Вернулась Оля в хату. Заварила чаю. Снова у окна за столом сидела. Потом взгляд ее на часы упал – почти одиннадцать.
Мысли как-то сами собой вернулись к ее мужу. И думала она о нем с сожалением, как будто он где-то далеко был, а не во дворе под костром.
Ночью она взяла лопату и пошла в сад. Выкопала не принявшийся два года назад саженец абрикоса и стала на его месте яму копать. Часа полтора возилась. В перерывах к костру ходила, то дровами, то листьями из другой кучи его подкармливала.
Когда рассвет наступил, подошла Оля к кострищу. Перегорело все хорошо, и дрова, и листья. И от Федора остались только черные мощи. Она вилами мощи зацепила, подтянула – легко пошли.

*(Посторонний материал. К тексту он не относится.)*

lemma span_image_p_generating:
  fixes \<epsilon> :: "'u \<Rightarrow> 'a::field ^ 'n"
  assumes "comm_group U" "vec_valued_hom U \<epsilon>" "\<epsilon> ` carrier U = UNIV"
    and "p_generating U CHAR('a) \<Gamma>"
  shows "vec.span (\<epsilon> ` \<Gamma>) = UNIV"
proof -
  interpret comm_group U by fact
  interpret vec_valued_hom U \<epsilon> by fact
  define m where "m = card (rcosets\<^bsub>U\<^esub> generate U \<Gamma>)"
  have \<Gamma>: "\<Gamma> \<subseteq> carrier U" "coprime m CHAR('a)"
    using assms(4) unfolding p_generating_def m_def by auto
  have "\<not> CHAR('a) dvd m"
  proof
    assume "CHAR('a) dvd m"
    with \<Gamma>(2) have "is_unit CHAR('a)" by (simp add: coprime_absorb_right)
    then show False by simp
  qed
  then have m: "(of_nat m :: 'a) \<noteq> 0"
    by (simp add: of_nat_eq_0_iff_char_dvd)
  have "v \<in> vec.span (\<epsilon> ` \<Gamma>)" for v
  proof -
    have "v \<in> \<epsilon> ` carrier U" using assms(3) by simp
    then obtain u where u: "u \<in> carrier U" "v = \<epsilon> u" by blast
    have "u [^]\<^bsub>U\<^esub> m \<in> generate U \<Gamma>"
      unfolding m_def by (rule nat_pow_card_rcosets_mem[OF generate_is_subgroup[OF \<Gamma>(1)] u(1)])
    then have "\<epsilon> (u [^]\<^bsub>U\<^esub> m) \<in> vec.span (\<epsilon> ` \<Gamma>)"
      by (intro subsetD[OF hom_generate_subset_span[OF \<Gamma>(1)]] imageI)
    then have "of_nat m *s v \<in> vec.span (\<epsilon> ` \<Gamma>)"
      using hom_nat_pow[OF u(1)] u(2) by simp
    then have "inverse (of_nat m) *s (of_nat m *s v) \<in> vec.span (\<epsilon> ` \<Gamma>)"
      by (rule vec.span_scale)
    then show ?thesis using m by (simp add: vector_smult_assoc)
  qed
  then show ?thesis by auto
qed

lemma (in group_action) image_orbit_invariant:
  assumes "\<forall>g \<in> carrier G. \<forall>y \<in> E. f (\<phi> g y) = f y" "x \<in> E"
  shows "f ` orbit G \<phi> x = {f x}"
proof
  show "f ` orbit G \<phi> x \<subseteq> {f x}" using assms unfolding orbit_def by auto
  show "{f x} \<subseteq> f ` orbit G \<phi> x" using orbit_refl[OF assms(2)] by blast
qed

lemma (in group_action) image_UN_orbit_invariant:
  assumes "\<forall>g \<in> carrier G. \<forall>y \<in> E. f (\<phi> g y) = f y" "R \<subseteq> E"
  shows "f ` (\<Union>r\<in>R. orbit G \<phi> r) = f ` R"
proof -
  have "f ` (\<Union>r\<in>R. orbit G \<phi> r) = (\<Union>r\<in>R. f ` orbit G \<phi> r)"
    by (rule image_UN)
  also have "\<dots> = (\<Union>r\<in>R. {f r})"
    using assms(2) by (intro SUP_cong[OF refl] image_orbit_invariant[OF assms(1)]) blast
  finally show ?thesis by blast
qed

lemma (in group_action) orbit_representatives:
  assumes "finite \<Gamma>" "\<Gamma> \<subseteq> E" "\<forall>g \<in> carrier G. \<phi> g ` \<Gamma> \<subseteq> \<Gamma>"
  obtains R where "R \<subseteq> \<Gamma>" "\<Gamma> = (\<Union>r\<in>R. orbit G \<phi> r)"
    "card \<Gamma> = (\<Sum>r\<in>R. card (orbit G \<phi> r))"
proof -
  have "\<exists>R \<subseteq> \<Gamma>. inj_on (orbit G \<phi>) R \<and> orbit G \<phi> ` \<Gamma> = orbit G \<phi> ` R"
    by (metis order.refl subset_image_inj)
  then obtain R where R: "R \<subseteq> \<Gamma>" "inj_on (orbit G \<phi>) R" "orbit G \<phi> ` R = orbit G \<phi> ` \<Gamma>"
    by auto
  have orbit_subset: "orbit G \<phi> x \<subseteq> \<Gamma>" if "x \<in> \<Gamma>" for x
    using assms(3) that unfolding orbit_def by blast
  have cover: "\<Gamma> = (\<Union>r\<in>R. orbit G \<phi> r)"
  proof -
    have "\<Gamma> = (\<Union>x\<in>\<Gamma>. orbit G \<phi> x)"
      using orbit_subset orbit_refl assms(2) by blast
    then show ?thesis using R(3) by simp
  qed
  have "orbit G \<phi> r \<inter> orbit G \<phi> s = {}" if "r \<in> R" "s \<in> R" "r \<noteq> s" for r s
  proof -
    have "orbit G \<phi> r \<in> orbits G E \<phi>" "orbit G \<phi> s \<in> orbits G E \<phi>"
      using that R(1) assms(2) unfolding orbits_def by blast+
    moreover have "orbit G \<phi> r \<noteq> orbit G \<phi> s"
      using R(2) that by (meson inj_on_contraD)
    ultimately show ?thesis using disjoint_union by blast
  qed
  moreover have "finite R" "\<forall>r\<in>R. finite (orbit G \<phi> r)"
    using R(1) assms(1) orbit_subset by (auto intro: finite_subset)
  ultimately have "card \<Gamma> = (\<Sum>r\<in>R. card (orbit G \<phi> r))"
    unfolding cover by (intro card_UN_disjoint) auto
  with R(1) cover show ?thesis by (rule that)
qed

Так по земле оттащила она мощи в сад, в яму бросила и землей засыпала. А потом, чтоб место не пустовало, снова воткнула туда засохший абрикос.
Зимовала Оля спокойно и сыто. И еды ей хватало, и корове кормов. Так они и пережидали зиму вдвоем с коровой.
А весной, когда все в рост пошло и трава зазеленела, выбравшись из-под снега, ожил абрикосовый саженец. Ожил и к солнцу потянулся свежими веточками.
Удивилась этому Оля. Сначала хотела срубить его, а потом рукой махнула. Пускай растет!